=== Stored data ===

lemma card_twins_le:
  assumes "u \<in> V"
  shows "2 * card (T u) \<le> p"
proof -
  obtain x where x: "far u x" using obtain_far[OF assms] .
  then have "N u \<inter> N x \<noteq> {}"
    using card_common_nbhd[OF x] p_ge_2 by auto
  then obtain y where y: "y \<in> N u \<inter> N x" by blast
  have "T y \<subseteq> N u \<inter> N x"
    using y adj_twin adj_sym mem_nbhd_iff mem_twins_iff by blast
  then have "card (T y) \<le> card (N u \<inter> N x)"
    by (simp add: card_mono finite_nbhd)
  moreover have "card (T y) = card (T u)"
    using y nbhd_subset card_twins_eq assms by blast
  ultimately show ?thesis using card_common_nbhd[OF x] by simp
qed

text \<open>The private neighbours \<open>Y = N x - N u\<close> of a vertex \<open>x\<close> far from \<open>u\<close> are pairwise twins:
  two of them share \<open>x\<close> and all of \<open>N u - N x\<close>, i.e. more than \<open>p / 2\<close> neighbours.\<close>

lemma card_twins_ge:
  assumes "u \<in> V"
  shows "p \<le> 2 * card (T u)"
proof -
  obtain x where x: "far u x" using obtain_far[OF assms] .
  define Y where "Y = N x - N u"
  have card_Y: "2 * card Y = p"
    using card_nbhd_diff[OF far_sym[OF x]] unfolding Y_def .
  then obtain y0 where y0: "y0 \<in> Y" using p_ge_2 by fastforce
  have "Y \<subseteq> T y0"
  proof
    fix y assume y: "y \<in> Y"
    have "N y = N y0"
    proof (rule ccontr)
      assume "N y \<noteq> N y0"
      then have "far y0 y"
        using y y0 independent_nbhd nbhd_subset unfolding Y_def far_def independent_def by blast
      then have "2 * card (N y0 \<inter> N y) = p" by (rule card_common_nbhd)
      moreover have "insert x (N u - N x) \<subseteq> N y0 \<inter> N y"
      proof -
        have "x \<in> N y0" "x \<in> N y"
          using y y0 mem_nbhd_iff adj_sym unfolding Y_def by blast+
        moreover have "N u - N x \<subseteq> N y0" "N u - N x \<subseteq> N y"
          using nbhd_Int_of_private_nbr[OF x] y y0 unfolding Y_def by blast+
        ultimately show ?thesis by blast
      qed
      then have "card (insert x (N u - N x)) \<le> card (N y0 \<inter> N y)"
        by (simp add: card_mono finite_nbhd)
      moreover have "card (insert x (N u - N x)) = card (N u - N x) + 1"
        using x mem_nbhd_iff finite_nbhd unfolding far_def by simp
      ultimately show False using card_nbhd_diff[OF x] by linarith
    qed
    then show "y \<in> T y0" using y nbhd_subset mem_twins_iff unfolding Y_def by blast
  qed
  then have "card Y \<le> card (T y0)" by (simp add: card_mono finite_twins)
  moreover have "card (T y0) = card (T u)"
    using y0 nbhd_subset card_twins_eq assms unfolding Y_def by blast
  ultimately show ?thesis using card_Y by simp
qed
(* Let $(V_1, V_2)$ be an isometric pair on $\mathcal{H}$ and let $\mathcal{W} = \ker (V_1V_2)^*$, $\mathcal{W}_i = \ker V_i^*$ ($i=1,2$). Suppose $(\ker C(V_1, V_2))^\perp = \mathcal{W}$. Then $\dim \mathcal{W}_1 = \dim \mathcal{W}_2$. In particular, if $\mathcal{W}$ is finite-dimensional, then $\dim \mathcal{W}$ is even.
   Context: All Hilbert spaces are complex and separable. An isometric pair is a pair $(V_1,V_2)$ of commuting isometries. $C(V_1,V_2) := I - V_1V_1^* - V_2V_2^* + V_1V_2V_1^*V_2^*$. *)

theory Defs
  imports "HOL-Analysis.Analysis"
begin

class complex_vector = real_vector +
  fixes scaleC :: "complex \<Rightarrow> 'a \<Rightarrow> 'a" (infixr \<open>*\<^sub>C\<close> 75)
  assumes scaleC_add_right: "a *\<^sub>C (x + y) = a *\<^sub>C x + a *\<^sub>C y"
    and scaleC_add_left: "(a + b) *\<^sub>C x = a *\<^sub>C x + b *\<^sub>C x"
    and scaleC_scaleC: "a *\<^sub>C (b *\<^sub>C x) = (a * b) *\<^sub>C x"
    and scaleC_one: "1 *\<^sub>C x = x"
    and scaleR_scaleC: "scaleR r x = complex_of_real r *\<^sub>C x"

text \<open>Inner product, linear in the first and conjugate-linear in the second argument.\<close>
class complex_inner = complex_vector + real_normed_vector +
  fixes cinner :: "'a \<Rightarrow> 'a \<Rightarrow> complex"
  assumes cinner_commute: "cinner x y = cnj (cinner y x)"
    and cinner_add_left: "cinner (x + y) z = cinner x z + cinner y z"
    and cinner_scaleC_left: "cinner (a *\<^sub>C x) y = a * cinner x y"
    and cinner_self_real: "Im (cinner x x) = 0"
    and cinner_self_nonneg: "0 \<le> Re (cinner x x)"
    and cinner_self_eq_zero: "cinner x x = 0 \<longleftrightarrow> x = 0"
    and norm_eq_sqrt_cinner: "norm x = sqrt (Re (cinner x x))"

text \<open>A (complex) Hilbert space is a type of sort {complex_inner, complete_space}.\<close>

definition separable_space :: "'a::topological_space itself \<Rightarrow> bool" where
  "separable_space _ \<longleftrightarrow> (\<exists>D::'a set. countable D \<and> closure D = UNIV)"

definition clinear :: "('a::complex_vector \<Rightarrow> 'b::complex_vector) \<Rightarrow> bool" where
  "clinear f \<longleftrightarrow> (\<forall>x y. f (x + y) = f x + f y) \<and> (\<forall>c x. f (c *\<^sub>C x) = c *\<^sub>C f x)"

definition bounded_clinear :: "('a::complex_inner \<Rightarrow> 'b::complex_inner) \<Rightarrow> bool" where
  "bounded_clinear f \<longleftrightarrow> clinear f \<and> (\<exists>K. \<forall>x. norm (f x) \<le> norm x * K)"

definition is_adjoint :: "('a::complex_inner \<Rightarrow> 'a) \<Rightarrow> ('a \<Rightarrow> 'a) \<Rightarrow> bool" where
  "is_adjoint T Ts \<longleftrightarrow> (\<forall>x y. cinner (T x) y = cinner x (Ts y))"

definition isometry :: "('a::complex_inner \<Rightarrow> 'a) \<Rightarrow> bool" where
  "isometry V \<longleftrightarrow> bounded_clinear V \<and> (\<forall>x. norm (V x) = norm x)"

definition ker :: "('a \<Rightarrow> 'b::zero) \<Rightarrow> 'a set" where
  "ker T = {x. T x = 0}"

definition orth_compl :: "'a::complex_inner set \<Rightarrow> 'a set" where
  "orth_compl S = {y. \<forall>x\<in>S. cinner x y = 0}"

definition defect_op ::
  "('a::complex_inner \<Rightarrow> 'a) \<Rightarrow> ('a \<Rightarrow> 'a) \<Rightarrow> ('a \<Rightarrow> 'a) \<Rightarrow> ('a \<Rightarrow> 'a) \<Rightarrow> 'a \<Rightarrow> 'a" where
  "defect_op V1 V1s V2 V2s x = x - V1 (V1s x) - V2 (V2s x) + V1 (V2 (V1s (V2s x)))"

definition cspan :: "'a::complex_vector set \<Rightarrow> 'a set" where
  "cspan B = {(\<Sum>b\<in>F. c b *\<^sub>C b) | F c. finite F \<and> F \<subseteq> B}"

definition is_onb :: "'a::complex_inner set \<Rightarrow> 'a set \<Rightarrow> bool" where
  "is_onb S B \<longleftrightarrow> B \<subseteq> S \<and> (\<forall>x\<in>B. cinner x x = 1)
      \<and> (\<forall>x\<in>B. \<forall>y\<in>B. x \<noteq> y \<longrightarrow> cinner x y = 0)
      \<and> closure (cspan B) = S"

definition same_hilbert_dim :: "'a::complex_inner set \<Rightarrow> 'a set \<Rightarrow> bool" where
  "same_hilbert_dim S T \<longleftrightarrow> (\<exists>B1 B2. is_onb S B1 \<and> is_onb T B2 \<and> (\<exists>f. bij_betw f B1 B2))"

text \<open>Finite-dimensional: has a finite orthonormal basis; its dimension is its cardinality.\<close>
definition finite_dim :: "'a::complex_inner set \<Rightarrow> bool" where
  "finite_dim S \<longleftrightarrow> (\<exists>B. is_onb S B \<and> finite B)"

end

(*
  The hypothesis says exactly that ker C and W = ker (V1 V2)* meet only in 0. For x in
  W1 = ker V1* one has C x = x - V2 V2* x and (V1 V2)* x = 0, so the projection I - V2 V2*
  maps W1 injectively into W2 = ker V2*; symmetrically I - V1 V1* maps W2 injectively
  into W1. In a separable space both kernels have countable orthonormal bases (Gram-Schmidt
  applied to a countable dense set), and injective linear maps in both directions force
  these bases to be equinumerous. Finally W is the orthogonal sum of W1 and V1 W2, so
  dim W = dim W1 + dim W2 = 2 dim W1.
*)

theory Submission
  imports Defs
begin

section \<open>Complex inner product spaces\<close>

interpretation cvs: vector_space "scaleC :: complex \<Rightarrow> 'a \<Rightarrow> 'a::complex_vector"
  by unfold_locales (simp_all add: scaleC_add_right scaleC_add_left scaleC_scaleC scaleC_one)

===
=== Stored data ===

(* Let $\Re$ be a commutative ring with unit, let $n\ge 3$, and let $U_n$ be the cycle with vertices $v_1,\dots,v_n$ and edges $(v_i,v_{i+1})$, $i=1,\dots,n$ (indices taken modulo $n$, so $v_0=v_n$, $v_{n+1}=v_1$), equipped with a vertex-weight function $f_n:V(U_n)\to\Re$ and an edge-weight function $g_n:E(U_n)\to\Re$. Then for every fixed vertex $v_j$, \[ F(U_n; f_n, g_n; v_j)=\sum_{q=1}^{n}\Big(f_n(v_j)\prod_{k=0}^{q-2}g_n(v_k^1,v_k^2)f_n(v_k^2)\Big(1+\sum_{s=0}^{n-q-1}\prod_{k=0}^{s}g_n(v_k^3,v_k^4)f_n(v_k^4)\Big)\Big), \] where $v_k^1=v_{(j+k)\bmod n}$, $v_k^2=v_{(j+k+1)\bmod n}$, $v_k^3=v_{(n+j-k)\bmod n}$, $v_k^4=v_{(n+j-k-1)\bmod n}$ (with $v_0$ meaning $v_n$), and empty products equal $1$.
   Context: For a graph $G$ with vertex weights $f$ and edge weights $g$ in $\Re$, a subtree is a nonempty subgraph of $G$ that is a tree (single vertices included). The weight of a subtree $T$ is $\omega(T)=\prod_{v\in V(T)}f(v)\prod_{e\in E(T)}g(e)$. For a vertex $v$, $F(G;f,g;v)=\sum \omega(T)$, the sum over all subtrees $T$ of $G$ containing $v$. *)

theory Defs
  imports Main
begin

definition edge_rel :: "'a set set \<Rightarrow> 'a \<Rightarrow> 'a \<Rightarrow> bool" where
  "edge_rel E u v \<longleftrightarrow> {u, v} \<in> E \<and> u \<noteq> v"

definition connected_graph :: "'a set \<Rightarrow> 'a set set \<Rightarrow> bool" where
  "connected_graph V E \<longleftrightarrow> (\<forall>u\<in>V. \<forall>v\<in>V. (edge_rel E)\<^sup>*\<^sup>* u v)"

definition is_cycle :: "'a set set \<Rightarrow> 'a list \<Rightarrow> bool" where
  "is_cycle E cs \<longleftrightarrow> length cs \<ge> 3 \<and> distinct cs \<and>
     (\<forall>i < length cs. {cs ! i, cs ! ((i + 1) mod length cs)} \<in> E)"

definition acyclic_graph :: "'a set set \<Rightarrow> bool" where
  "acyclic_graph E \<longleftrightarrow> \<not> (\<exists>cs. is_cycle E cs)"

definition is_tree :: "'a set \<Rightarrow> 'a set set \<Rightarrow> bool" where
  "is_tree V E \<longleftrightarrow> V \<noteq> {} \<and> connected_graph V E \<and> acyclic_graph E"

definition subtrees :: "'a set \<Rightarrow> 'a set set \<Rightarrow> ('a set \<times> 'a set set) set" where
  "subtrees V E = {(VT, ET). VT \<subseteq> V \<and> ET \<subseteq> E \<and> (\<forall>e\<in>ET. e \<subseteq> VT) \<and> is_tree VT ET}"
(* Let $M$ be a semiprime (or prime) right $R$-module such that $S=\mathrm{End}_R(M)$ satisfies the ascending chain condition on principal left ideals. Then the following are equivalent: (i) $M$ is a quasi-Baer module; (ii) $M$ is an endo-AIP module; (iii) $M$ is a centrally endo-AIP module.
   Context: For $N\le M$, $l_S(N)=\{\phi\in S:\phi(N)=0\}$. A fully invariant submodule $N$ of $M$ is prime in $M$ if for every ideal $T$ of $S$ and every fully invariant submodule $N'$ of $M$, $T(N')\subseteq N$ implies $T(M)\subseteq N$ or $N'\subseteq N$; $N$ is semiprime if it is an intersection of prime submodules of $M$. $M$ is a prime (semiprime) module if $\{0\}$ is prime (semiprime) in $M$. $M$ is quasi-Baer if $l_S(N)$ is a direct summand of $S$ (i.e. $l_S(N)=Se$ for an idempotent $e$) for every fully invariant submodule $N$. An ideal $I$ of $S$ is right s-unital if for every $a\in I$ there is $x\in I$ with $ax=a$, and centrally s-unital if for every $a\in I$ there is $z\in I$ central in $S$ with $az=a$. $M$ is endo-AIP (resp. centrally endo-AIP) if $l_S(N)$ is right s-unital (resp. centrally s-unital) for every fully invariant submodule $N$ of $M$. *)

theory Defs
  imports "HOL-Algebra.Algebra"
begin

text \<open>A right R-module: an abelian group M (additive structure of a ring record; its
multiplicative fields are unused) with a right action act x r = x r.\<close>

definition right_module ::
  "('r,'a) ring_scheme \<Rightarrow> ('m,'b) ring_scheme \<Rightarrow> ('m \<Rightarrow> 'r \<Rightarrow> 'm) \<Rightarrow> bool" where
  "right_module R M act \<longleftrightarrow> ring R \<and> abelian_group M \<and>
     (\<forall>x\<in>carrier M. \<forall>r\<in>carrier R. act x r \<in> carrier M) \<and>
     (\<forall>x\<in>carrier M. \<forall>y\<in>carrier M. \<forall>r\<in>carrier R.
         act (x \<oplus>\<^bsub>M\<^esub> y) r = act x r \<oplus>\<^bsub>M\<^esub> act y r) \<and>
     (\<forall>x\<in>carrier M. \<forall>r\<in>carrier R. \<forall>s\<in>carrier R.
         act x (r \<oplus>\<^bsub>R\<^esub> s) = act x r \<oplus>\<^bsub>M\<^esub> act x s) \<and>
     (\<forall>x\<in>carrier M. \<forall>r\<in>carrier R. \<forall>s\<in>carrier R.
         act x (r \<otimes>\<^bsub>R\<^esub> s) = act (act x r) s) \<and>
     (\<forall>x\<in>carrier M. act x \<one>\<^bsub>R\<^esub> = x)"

===
=== Stored data ===

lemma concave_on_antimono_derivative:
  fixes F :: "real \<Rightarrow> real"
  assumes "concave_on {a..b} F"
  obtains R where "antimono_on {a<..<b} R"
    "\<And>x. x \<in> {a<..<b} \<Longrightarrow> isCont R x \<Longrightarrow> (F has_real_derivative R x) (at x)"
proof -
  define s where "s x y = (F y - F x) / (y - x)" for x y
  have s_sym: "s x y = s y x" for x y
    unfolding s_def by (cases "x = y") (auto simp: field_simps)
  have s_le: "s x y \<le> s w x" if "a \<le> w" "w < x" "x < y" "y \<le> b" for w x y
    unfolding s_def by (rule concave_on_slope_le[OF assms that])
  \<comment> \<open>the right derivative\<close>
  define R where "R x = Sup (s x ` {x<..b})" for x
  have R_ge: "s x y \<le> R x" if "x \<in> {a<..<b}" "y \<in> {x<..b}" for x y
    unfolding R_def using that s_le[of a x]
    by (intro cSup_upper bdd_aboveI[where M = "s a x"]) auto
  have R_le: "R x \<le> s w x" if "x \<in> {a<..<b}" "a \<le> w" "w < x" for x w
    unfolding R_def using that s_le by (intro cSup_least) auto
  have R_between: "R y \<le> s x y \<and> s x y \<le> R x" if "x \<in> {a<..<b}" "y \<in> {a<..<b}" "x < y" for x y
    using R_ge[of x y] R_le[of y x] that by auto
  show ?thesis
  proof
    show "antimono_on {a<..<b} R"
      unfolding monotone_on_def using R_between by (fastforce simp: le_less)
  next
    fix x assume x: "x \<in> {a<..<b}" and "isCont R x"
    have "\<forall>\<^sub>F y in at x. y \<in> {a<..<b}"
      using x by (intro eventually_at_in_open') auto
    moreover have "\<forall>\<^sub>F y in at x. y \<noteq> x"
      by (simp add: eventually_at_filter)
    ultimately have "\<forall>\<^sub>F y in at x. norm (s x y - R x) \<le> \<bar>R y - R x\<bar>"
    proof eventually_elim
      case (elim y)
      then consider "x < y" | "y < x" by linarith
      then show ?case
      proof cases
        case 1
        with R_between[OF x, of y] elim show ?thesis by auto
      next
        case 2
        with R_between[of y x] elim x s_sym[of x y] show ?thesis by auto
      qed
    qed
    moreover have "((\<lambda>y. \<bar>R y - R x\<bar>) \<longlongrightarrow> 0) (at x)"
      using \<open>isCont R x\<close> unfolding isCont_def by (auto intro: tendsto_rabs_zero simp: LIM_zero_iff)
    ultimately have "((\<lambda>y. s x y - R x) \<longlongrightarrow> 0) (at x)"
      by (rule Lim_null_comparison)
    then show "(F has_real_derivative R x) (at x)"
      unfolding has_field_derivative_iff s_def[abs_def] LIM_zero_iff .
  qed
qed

===

If a line in the material holds the string "vertices", count it, then state the number of such lines and nothing else.

*Your response*. 2